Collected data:
____________
lemma rsum_red_nf_sum: "rsum_red S S' \<Longrightarrow> nf_sum S' = nf_sum S \<and> finite S'"
proof -
  assume a: "rsum_red S S'"
  have "finite S \<and> (\<exists>s0\<in>S. \<exists>T0 T. rred s0 T0 \<and>
      (\<forall>s\<in>S - {s0}. rred s (T s) \<or> T s = {s}) \<and> S' = T0 \<union> (\<Union>s\<in>S - {s0}. T s))"
    using a unfolding rsum_red_def .
  then obtain s0 T0 T where h: "finite S" "s0 \<in> S" "rred s0 T0"
    "\<forall>s\<in>S - {s0}. rred s (T s) \<or> T s = {s}"
    "S' = T0 \<union> (\<Union>s\<in>S - {s0}. T s)" by blast
  have eq: "\<forall>s\<in>S - {s0}. nf_sum (T s) = some_nf s"
  proof
    fix s assume "s \<in> S - {s0}"
    then have "rred s (T s) \<or> T s = {s}" using h(4) by blast
    then show "nf_sum (T s) = some_nf s"
    proof
      assume "rred s (T s)" then show ?thesis using some_nf_rred[of s "T s"] by simp
    qed simp
  qed
  have "nf_sum S' = nf_sum T0 \<union> (\<Union>s\<in>S - {s0}. nf_sum (T s))" using h(5)
    by (auto simp: nf_sum_def)
  also have "\<dots> = some_nf s0 \<union> (\<Union>s\<in>S - {s0}. some_nf s)"
    using eq some_nf_rred[OF h(3)] by simp
  also have "\<dots> = nf_sum S" using h(2) by (auto simp: nf_sum_def)
  finally have "nf_sum S' = nf_sum S" .
  moreover have "finite S'"
  proof -
    have "\<forall>s\<in>S - {s0}. finite (T s)"
    proof
      fix s assume "s \<in> S - {s0}"
      then have "rred s (T s) \<or> T s = {s}" using h(4) by blast
      then show "finite (T s)" using rred_finite[of s "T s"] by auto
    qed
    then show ?thesis using h(1) rred_finite[OF h(3)] h(5) by simp
  qed
  ultimately show ?thesis by simp
qed

lemma rsum_reds_nf_sum:
  "rsum_red\<^sup>*\<^sup>* S S' \<Longrightarrow> finite S
    \<Longrightarrow> nf_sum S' = nf_sum S \<and> finite S'"
proof (induction rule: rtranclp_induct)
  case (step y z)
  then show ?case using rsum_red_nf_sum[OF step(2)] by simp
qed simp

lemma rsum_red_one:
  "finite T \<Longrightarrow> x \<in> T \<Longrightarrow> rred x S
    \<Longrightarrow> rsum_red T (S \<union> (T - {x}))"
  unfolding rsum_red_def by (intro conjI bexI[of _ x] exI[of _ S] exI[of _ "\<lambda>s. {s}"]) auto

lemma rnormal_rnf: "rnormal T \<Longrightarrow> finite T \<Longrightarrow> x \<in> T \<Longrightarrow> rnf x"
  using rsum_red_one by (auto simp: rnormal_def rnf_def)

lemma rnormal_if_rnf: "(\<forall>x\<in>T. rnf x) \<Longrightarrow> rnormal T"
  unfolding rnormal_def rsum_red_def rnf_def by blast

lemma rsum_red_normalizing:
  "finite S \<Longrightarrow> \<exists>T. rsum_red\<^sup>*\<^sup>* S T \<and> rnormal T"
proof (induction "mset_set S" arbitrary: S rule: wf_induct_rule[OF wf_mult[OF wf_measure[of rsize]]])
  case (1 S)
  show ?case
  proof (cases "\<forall>x\<in>S. rnf x")
    case True
    then show ?thesis using rnormal_if_rnf by blast
  next
    case False
    then obtain x S0 where x: "x \<in> S" "rred x S0" by (auto simp: rnf_def)
    let ?S' = "S0 \<union> (S - {x})"
    have step: "rsum_red S ?S'" using rsum_red_one 1(2) x by blast
    have fS0: "finite S0" using rred_finite x by blast
    have S'eq: "?S' = (S - {x}) \<union> (S0 - (S - {x}))" by auto
    have "mset_set ?S' = mset_set (S - {x}) + mset_set (S0 - (S - {x}))"
      unfolding S'eq using 1(2) fS0 by (subst mset_set_Union) auto
    moreover have "mset_set S = mset_set (S - {x}) + {#x#}"
      using 1(2) x(1) by (metis add_mset_add_single mset_set.remove)
    moreover have "(mset_set (S - {x}) + mset_set (S0 - (S - {x})), mset_set (S - {x}) + {#x#}) \<in> mult (measure rsize)"
      by (rule one_step_implies_mult) (use fS0 rsize_rred[OF x(2)] in auto)
    ultimately have "(mset_set ?S', mset_set S) \<in> mult (measure rsize)" by simp
    moreover have "finite ?S'" using fS0 1(2) by auto
    ultimately obtain T where "rsum_red\<^sup>*\<^sup>* ?S' T" "rnormal T" using 1(1) by blast
    then show ?thesis using step by (meson converse_rtranclp_into_rtranclp)
  qed
qed

lemma nf_r_eq_some_nf: "nf_r s = some_nf s"
proof -
  obtain T where T: "rsum_red\<^sup>*\<^sup>* {s} T" "rnormal T" using rsum_red_normalizing[of "{s}"] by auto
  have uniq: "T' = some_nf s" if "rsum_red\<^sup>*\<^sup>* {s} T'" "rnormal T'" for T'
  proof -
    have "nf_sum T' = some_nf s" "finite T'" using rsum_reds_nf_sum[OF that(1)] by auto
    moreover have "\<forall>x\<in>T'. rnf x" using rnormal_rnf that(2) calculation(2) by blast
    then have "nf_sum T' = T'" using some_nf_rnf by (auto simp: nf_sum_def)
    ultimately show ?thesis by simp
  qed
  show ?thesis unfolding nf_r_def
    by (rule the_equality) (use T uniq in auto)
qed

lemma nf_r_rred: "rred s S \<Longrightarrow> nf_r s = (\<Union>x\<in>S. nf_r x)"
  by (simp add: nf_r_eq_some_nf some_nf_rred nf_sum_def)

lemma nf_r_rnf: "rnf s \<Longrightarrow> nf_r s = {s}"
  by (simp add: nf_r_eq_some_nf some_nf_rnf)

section \<open>Taylor approximation and head reduction\<close>

lemma tm_case_id: "(case N of Var j \<Rightarrow> Var j | Lam P \<Rightarrow> Lam P | App P Q \<Rightarrow> App P Q) = N"
  by (cases N) auto

lemma lift_simps [simp]:
  "lift k (Var n) = Var (if n < k then n else Suc n)"
  "lift k (Lam P) = Lam (lift (Suc k) P)"
  "lift k (App P Q) = App (lift k P) (lift k Q)"
  by (subst lift.code; simp)+

lemma subst_simps [simp]:
  "subst k N (Var n) = (if n = k then N else Var (if k < n then n - 1 else n))"
  "subst k N (Lam P) = Lam (subst (Suc k) (lift 0 N) P)"
  "subst k N (App P Q) = App (subst k N P) (subst k N Q)"
  by (subst subst.code; simp add: tm_case_id)+

lemma taylor_RVar_iff: "taylor (RVar x) M \<longleftrightarrow> M = Var x"
  by (auto elim: taylor.cases intro: taylor.intros)

lemma taylor_RLam_iff: "taylor (RLam s) M \<longleftrightarrow> (\<exists>P. M = Lam P \<and> taylor s P)"
  by (auto elim: taylor.cases intro: taylor.intros)

lemma taylor_RApp_iff:
  "taylor (RApp s ts) M \<longleftrightarrow> (\<exists>P Q. M = App P Q \<and> taylor s P \<and> (\<forall>t\<in>#ts. taylor t Q))"
  by (auto elim: taylor.cases intro: taylor.intros)

lemma taylor_Var_iff: "taylor s (Var x) \<longleftrightarrow> s = RVar x"
  by (auto elim: taylor.cases intro: taylor.intros)

lemma taylor_Lam_iff: "taylor s (Lam P) \<longleftrightarrow> (\<exists>u. s = RLam u \<and> taylor u P)"
  by (auto elim: taylor.cases intro: taylor.intros)

lemma taylor_App_iff:
  "taylor s (App P Q) \<longleftrightarrow> (\<exists>a ts. s = RApp a ts \<and> taylor a P \<and> (\<forall>t\<in>#ts. taylor t Q))"
  by (auto elim: taylor.cases intro: taylor.intros)

lemma taylor_lift: "taylor t N \<Longrightarrow> taylor (rlift j t) (lift j N)"
  by (induction arbitrary: j rule: taylor.induct) (auto simp: taylor_RVar_iff taylor_RLam_iff taylor_RApp_iff)

lemma taylor_liftD: "taylor t (lift j N) \<Longrightarrow> \<exists>t0. taylor t0 N \<and> t = rlift j t0"
proof (induction t arbitrary: j N)
  case (RVar x)
  then show ?case by (cases N) (auto simp: taylor_RVar_iff intro!: exI[of _ "RVar (case N of Var y \<Rightarrow> y)"] taylor.intros)
next
  case (RLam s)
  then obtain P where "N = Lam P" "taylor s (lift (Suc j) P)" by (cases N) (auto simp: taylor_RLam_iff)
  moreover from RLam.IH[OF this(2)] obtain t0 where "taylor t0 P" "s = rlift (Suc j) t0" by blast
  ultimately show ?case by (intro exI[of _ "RLam t0"]) (auto simp: taylor_RLam_iff)
next
  case (RApp s ts)
  then obtain P Q where h: "N = App P Q" "taylor s (lift j P)" "\<forall>t\<in>#ts. taylor t (lift j Q)"
    by (cases N) (auto simp: taylor_RApp_iff)
  obtain s0 where s0: "taylor s0 P" "s = rlift j s0" using RApp.IH(1) h by blast
  have "\<forall>t\<in>#ts. \<exists>t0. taylor t0 Q \<and> t = rlift j t0" using RApp.IH(2) h by blast
  then obtain g where g: "\<forall>t\<in>#ts. taylor (g t) Q \<and> t = rlift j (g t)" by metis
  have "image_mset (rlift j) (image_mset g ts) = ts"
    using g by (simp add: multiset.map_comp comp_def multiset.map_ident_strong)
  then show ?case using h s0 g by (intro exI[of _ "RApp s0 (image_mset g ts)"]) (auto simp: taylor_RApp_iff)
qed

lemma taylor_lsub_subst:
  shows "lsub k s ts v \<Longrightarrow> taylor s M
    \<Longrightarrow> (\<forall>t\<in>#ts. taylor t N) \<Longrightarrow> taylor v (subst k N M)"
    and "lsub_ms k us ts vs \<Longrightarrow> (\<forall>u\<in>#us. taylor u M)
      \<Longrightarrow> (\<forall>t\<in>#ts. taylor t N)
        \<Longrightarrow> (\<forall>v\<in>#vs. taylor v (subst k N M))"
proof (induction arbitrary: M N and M N rule: lsub_lsub_ms.inducts)
  case (ls_hit k t)
  then show ?case by (auto simp: taylor_RVar_iff)
next
  case (ls_miss n k)
  then show ?case by (auto simp: taylor_RVar_iff)
next
  case (ls_lam k s ts s')
  then show ?case by (auto simp: taylor_RLam_iff taylor_lift)
next
  case (ls_app k s ts1 s' us ts2 us')
  then show ?case by (auto simp: taylor_RApp_iff)
next
  case (lsm_empty k)
  then show ?case by auto
next
  case (lsm_add k us ts1 us' u ts2 u')
  then show ?case by auto
qed

lemma taylor_subst_VarD:
  assumes "taylor v (subst k N (Var n))"
  shows "\<exists>s ts. taylor s (Var n) \<and> (\<forall>t\<in>#ts. taylor t N) \<and> lsub k s ts v"
proof (cases "n = k")
  case True
  then show ?thesis using assms
    by (intro exI[of _ "RVar k"] exI[of _ "{#v#}"]) (auto simp: taylor_RVar_iff intro: lsub_lsub_ms.intros)
next
  case False
  then show ?thesis using assms
    by (intro exI[of _ "RVar n"] exI[of _ "{#}"]) (auto simp: taylor_Var_iff taylor_RVar_iff lsub_RVar_iff)
qed

lemma lsub_ms_image_elementwise:
  "\<forall>b\<in>#bs. lsub k (f b) (g b) b
    \<Longrightarrow> lsub_ms k (image_mset f bs) (sum_mset (image_mset g bs)) bs"
proof (induction bs)
  case (add b bs)
  then show ?case
    using lsub_lsub_ms.lsm_add[of k "image_mset f bs" "sum_mset (image_mset g bs)" bs "f b" "g b" b]
    by (simp add: add.commute)
qed (auto intro: lsub_lsub_ms.intros)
____________
YOUR GOAL: Look above for the line with "then show ?thesis using step" and the line with "that(1)] by auto". Retype those two lines and every line between them exactly, adding nothing.

ANSWER BELOW:
    then show ?thesis using step by (meson converse_rtranclp_into_rtranclp)
  qed
qed

lemma nf_r_eq_some_nf: "nf_r s = some_nf s"
proof -
  obtain T where T: "rsum_red\<^sup>*\<^sup>* {s} T" "rnormal T" using rsum_red_normalizing[of "{s}"] by auto
  have uniq: "T' = some_nf s" if "rsum_red\<^sup>*\<^sup>* {s} T'" "rnormal T'" for T'
  proof -
    have "nf_sum T' = some_nf s" "finite T'" using rsum_reds_nf_sum[OF that(1)] by auto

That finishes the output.